In its first two seasons, “Fauda,” the Netflix drama made in Israel, relatively succeeded in individualising the enemy and challenging some of the intensely politicised stereotypes, presenting the Palestinians as people just ‘like us’ with internal and external struggles. That left the spectators, especially in the mainstream Jewish collective, with mixed feelings about what it is that feeds animosity in the Israeli-Palestinian conflict.

Season three, however, (which was released earlier this year) seems to have reverted to the stereotypes and cliched narratives that “Fauda” producers repeatedly claimed to have challenged. Instead of gravitating Palestinians closer toward centre stage, this season has pushed them once again to the backstage. 

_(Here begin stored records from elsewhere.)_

lemma differentiable_cong_on_open:
  fixes f g :: "real \<Rightarrow> 'a::real_normed_vector"
  assumes "open I" "s \<in> I" "\<And>t. t \<in> I \<Longrightarrow> f t = g t"
  shows "f differentiable (at s) \<longleftrightarrow> g differentiable (at s)"
proof -
  have "(f has_vector_derivative D) (at s) \<longleftrightarrow> (g has_vector_derivative D) (at s)" for D
    by (rule has_vector_derivative_cong_ev[OF eventually_eq_on_open[OF assms]])
       (use assms in auto)
  then show ?thesis
    by (simp add: differentiable_iff_scaleR has_vector_derivative_def[symmetric])
qed

lemma has_vector_derivative_vel:
  "f differentiable (at t) \<Longrightarrow> (f has_vector_derivative vel f t) (at t)"
  unfolding vel_def by (rule vector_derivative_works[THEN iffD1])

lemma linear_functional_eq_inner:
  fixes \<phi> :: "'a::euclidean_space \<Rightarrow> real"
  assumes "linear \<phi>"
  shows "\<phi> z = inner (\<Sum>i\<in>Basis. \<phi> i *\<^sub>R i) z"
proof -
  have "\<phi> z = \<phi> (\<Sum>i\<in>Basis. inner z i *\<^sub>R i)"
    by (simp add: euclidean_representation)
  also have "\<dots> = (\<Sum>i\<in>Basis. \<phi> i * inner i z)"
    by (simp add: linear_sum[OF assms] linear_scale[OF assms] inner_commute mult.commute)
  also have "\<dots> = inner (\<Sum>i\<in>Basis. \<phi> i *\<^sub>R i) z"
    by (simp add: inner_sum_left)
  finally show ?thesis .
qed

lemma scalar_product_inner_representation:
  fixes B :: "'a::euclidean_space \<Rightarrow> 'a \<Rightarrow> real"
  assumes B: "scalar_product B"
  obtains R where "linear R" "inj R" "\<And>w z. B w z = inner (R w) z"
proof
  define R where "R w = (\<Sum>i\<in>Basis. B w i *\<^sub>R i)" for w
  have lin: "linear (B w)" "linear (\<lambda>w. B w z)" for w z
    using B unfolding scalar_product_def bilinear_def by blast+
  show R: "B w z = inner (R w) z" for w z
    unfolding R_def by (rule linear_functional_eq_inner[OF lin(1)])
  show "linear R"
    unfolding R_def
    by (rule linearI) (simp_all add: linear_add[OF lin(2)] linear_scale[OF lin(2)]
        scaleR_add_left sum.distrib scaleR_sum_right)
  show "inj R"
  proof (rule injI)
    fix x y
    assume "R x = R y"
    then have "B x z = B y z" for z
      by (simp only: R)
    then have "B (x - y) z = 0" for z
      by (simp add: linear_diff[OF lin(2)])
    then have "x - y = 0"
      using B unfolding scalar_product_def by blast
    then show "x = y"
      by simp
  qed
qed

lemma scalar_product_represents_functional:
  fixes B :: "'a::euclidean_space \<Rightarrow> 'a \<Rightarrow> real"
  assumes "scalar_product B" and "linear \<phi>"
  shows "\<exists>w. \<forall>z. B w z = \<phi> z"
proof -
  obtain R where R: "linear R" "inj R" "\<And>w z. B w z = inner (R w) z"
    using scalar_product_inner_representation[OF assms(1)] by blast
  have "surj R"
    by (rule linear_injective_imp_surjective[OF R(1,2) refl])
  then obtain w where w: "(\<Sum>i\<in>Basis. \<phi> i *\<^sub>R i) = R w"
    unfolding surj_def by blast
  have "B w z = \<phi> z" for z
    unfolding R(3) w[symmetric] by (rule linear_functional_eq_inner[OF assms(2), symmetric])
  then show ?thesis
    by blast
qed

lemma orth_compl_decomposition:
  fixes B :: "'a::euclidean_space \<Rightarrow> 'a \<Rightarrow> real"
  assumes B: "scalar_product B" and S: "subspace S" and nondeg: "nondeg_on B S"
  shows "\<exists>c\<in>S. y - c \<in> orth_compl B S"
proof -
  let ?V = "orth_compl B S"
  obtain R where R: "linear R" "inj R" "\<And>w z. B w z = inner (R w) z"
    using scalar_product_inner_representation[OF B] by blast
  have V: "subspace ?V"
    unfolding subspace_def orth_compl_def
    by (simp add: R(3) linear_add[OF R(1)] linear_scale[OF R(1)] linear_0[OF R(1)] inner_add_left)
  have sym: "B x y = B y x" for x y
    using B unfolding scalar_product_def by blast
  have "?V = {y. \<forall>x\<in>R ` S. Linear_Algebra.orthogonal x y}"
    unfolding orth_compl_def Linear_Algebra.orthogonal_def
    by (auto simp: R(3)[symmetric] sym)
  then have "dim ?V + dim (R ` S) = DIM('a)"
    using dim_subspace_orthogonal_to_vectors[OF linear_subspace_image[OF R(1) S] subspace_UNIV]
    by (simp add: dim_UNIV)
  moreover have "dim (R ` S) = dim S"
    using dim_image_eq[OF R(1)] R(2) by (simp add: inj_on_def inj_def)
  moreover have "S \<inter> ?V = {0}"
    using nondeg subspace_0[OF S] subspace_0[OF V]
    unfolding nondeg_on_def orth_compl_def by auto
  ultimately have "dim {x + v |x v. x \<in> S \<and> v \<in> ?V} = DIM('a)"
    using dim_sums_Int[OF S V] by simp
  then have "{x + v |x v. x \<in> S \<and> v \<in> ?V} = UNIV"
    using span_eq_iff[THEN iffD2, OF subspace_sums[OF S V]] by (simp add: dim_eq_full)
  then obtain c v where "c \<in> S" "v \<in> ?V" "y = c + v"
    by blast
  then show ?thesis
    by (intro bexI[of _ c]) simp_all
qed

section \<open>Polynomial functions are real-analytic\<close>

definition finite_expansion_at :: "('a::euclidean_space \<Rightarrow> real) \<Rightarrow> 'a \<Rightarrow> bool" where
  "finite_expansion_at f p \<longleftrightarrow> (\<exists>S c. finite S \<and> S \<subseteq> multi_indices \<and>
      (\<forall>h. f (p + h) = (\<Sum>\<alpha>\<in>S. c \<alpha> * monom h \<alpha>)))"

lemma monom_zero [simp]: "monom h (\<lambda>_. 0) = 1"
  by (simp add: monom_def)

lemma monom_add: "monom h (\<lambda>j. \<alpha> j + \<beta> j) = monom h \<alpha> * monom h \<beta>"
  by (simp add: monom_def power_add prod.distrib)

lemma monom_unit:
  assumes "i \<in> Basis"
  shows "monom h (\<lambda>j. if j = i then 1 else 0) = inner h i"
proof -
  have "monom h (\<lambda>j. if j = i then 1 else 0) = (\<Prod>j\<in>Basis. if j = i then inner h j else 1)"
    unfolding monom_def by (rule prod.cong) auto
  then show ?thesis
    using assms by (simp add: prod.delta)
qed

lemma finite_expansion_const: "finite_expansion_at (\<lambda>x. k) p"
  unfolding finite_expansion_at_def
  by (intro exI[of _ "{\<lambda>_. 0}"] exI[of _ "\<lambda>_. k"]) (simp add: multi_indices_def)

lemma finite_expansion_coord:
  assumes i: "i \<in> Basis"
  shows "finite_expansion_at (\<lambda>x. inner x i) p"
proof -
  define e :: "'a \<Rightarrow> nat" where "e = (\<lambda>j. if j = i then 1 else 0)"
  have "(\<lambda>_. 0) \<noteq> e"
    using fun_cong[of "\<lambda>_. 0" e i] by (auto simp: e_def)
  then have "inner (p + h) i = (\<Sum>\<alpha>\<in>{\<lambda>_. 0, e}. (if \<alpha> = e then 1 else inner p i) * monom h \<alpha>)" for h
    using monom_unit[OF i, of h, folded e_def] by (simp add: inner_add_left)
  moreover have "{\<lambda>_. 0, e} \<subseteq> multi_indices"
    using i by (auto simp: multi_indices_def e_def)
  ultimately show ?thesis
    unfolding finite_expansion_at_def
    by (intro exI[of _ "{\<lambda>_. 0, e}"] exI[of _ "\<lambda>\<alpha>. if \<alpha> = e then 1 else inner p i"]) simp
qed

lemma finite_expansion_add:
  assumes "finite_expansion_at f p" "finite_expansion_at g p"
  shows "finite_expansion_at (\<lambda>x. f x + g x) p"
proof -
  obtain S1 c1 where S1: "finite S1" "S1 \<subseteq> multi_indices"
    and f: "\<And>h. f (p + h) = (\<Sum>\<alpha>\<in>S1. c1 \<alpha> * monom h \<alpha>)"
    using assms(1) unfolding finite_expansion_at_def by blast
  obtain S2 c2 where S2: "finite S2" "S2 \<subseteq> multi_indices"
    and g: "\<And>h. g (p + h) = (\<Sum>\<alpha>\<in>S2. c2 \<alpha> * monom h \<alpha>)"
    using assms(2) unfolding finite_expansion_at_def by blast
  define c where "c \<alpha> = (if \<alpha> \<in> S1 then c1 \<alpha> else 0) + (if \<alpha> \<in> S2 then c2 \<alpha> else 0)" for \<alpha>
  have "f (p + h) + g (p + h) = (\<Sum>\<alpha>\<in>S1 \<union> S2. c \<alpha> * monom h \<alpha>)" for h
  proof -
    have "(\<Sum>\<alpha>\<in>S1 \<union> S2. (if \<alpha> \<in> S1 then c1 \<alpha> else 0) * monom h \<alpha>) = f (p + h)"
      unfolding f by (rule sum.mono_neutral_cong_right) (use S1 S2 in auto)
    moreover have "(\<Sum>\<alpha>\<in>S1 \<union> S2. (if \<alpha> \<in> S2 then c2 \<alpha> else 0) * monom h \<alpha>) = g (p + h)"
      unfolding g by (rule sum.mono_neutral_cong_right) (use S1 S2 in auto)
    ultimately show ?thesis
      unfolding c_def distrib_right sum.distrib by simp
  qed
  then show ?thesis
    unfolding finite_expansion_at_def using S1 S2
    by (intro exI[of _ "S1 \<union> S2"] exI[of _ c]) simp
qed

This time, Fauda makers decided to leave the somewhat familiar realm of the West Bank and do something bold. They sent the Israeli undercover commandos on a daring mission into the heart of the Gaza Strip.

The season follows a clear, easily distinguishable storyline that evolves over the course of twelve episodes. Doron is now struggling with familial issues. He neglects his son and becomes a father figure to Bashar, a young Palestinian boxer from Hebron. Unaware of Doron’s true identity, Bashar unintentionally enables the assassination of his Hamas cousin. Bashar – assisted by his father – seeks redemption by kidnapping two Israeli hikers and smuggles them into Gaza. The Israeli commando unit is then sent into Gaza to retrieve the captured Israelis and eliminate Hamas’ most wanted man, Hani Al-Jabari. Throughout, Doron feels he’s the reason Bashar turned to violence.

Cinematic Absurdity

Gaza in Season Three is an imagined dystopia with an enemy closer to the Taliban in the mountains of Afghanistan than it is to Palestine. The visual and conversational representations seem to focus almost entirely on the radicalisation of Gaza. 

As the camera wanders the streets, you see anxious and hyper alert policemen (why?), women covered head to toe, and then there’s the policeman riding a technical Toyota vehicle with a heavy-calibre machine gun mounted on it, almost news footage from Afghanistan. From the outset and throughout, someone unfamiliar with the situation might assume that Hamas and Palestinian society are two entities that exist separate from each other, if not against each other. Something similar to Al-Qaeda in the Afghani Tora Bora mountains or the foreign Daesh Jihadis in Iraq’s Mawsil — a foreign terrorist entity without local roots or relevant ideology. 

The Israeli unit enters Gaza through the sea. Awaiting them on the shore is a Hamas collaborator who upon arrival hands them Palestinian ID cards. This was the first of many absurd moments. Israel is technically involved in the issuing of Palestinian ID cards/passports and has a record of all Palestinians who hold them. It seems odd that the Shin Bet (Israel’s internal security) still needed Palestinians to obtain these IDs for them.  Was it an attempt to convince the spectators that Palestinians possess full autonomy and, ergo, the occupation is irrelevant? Or, is it just ignorance? 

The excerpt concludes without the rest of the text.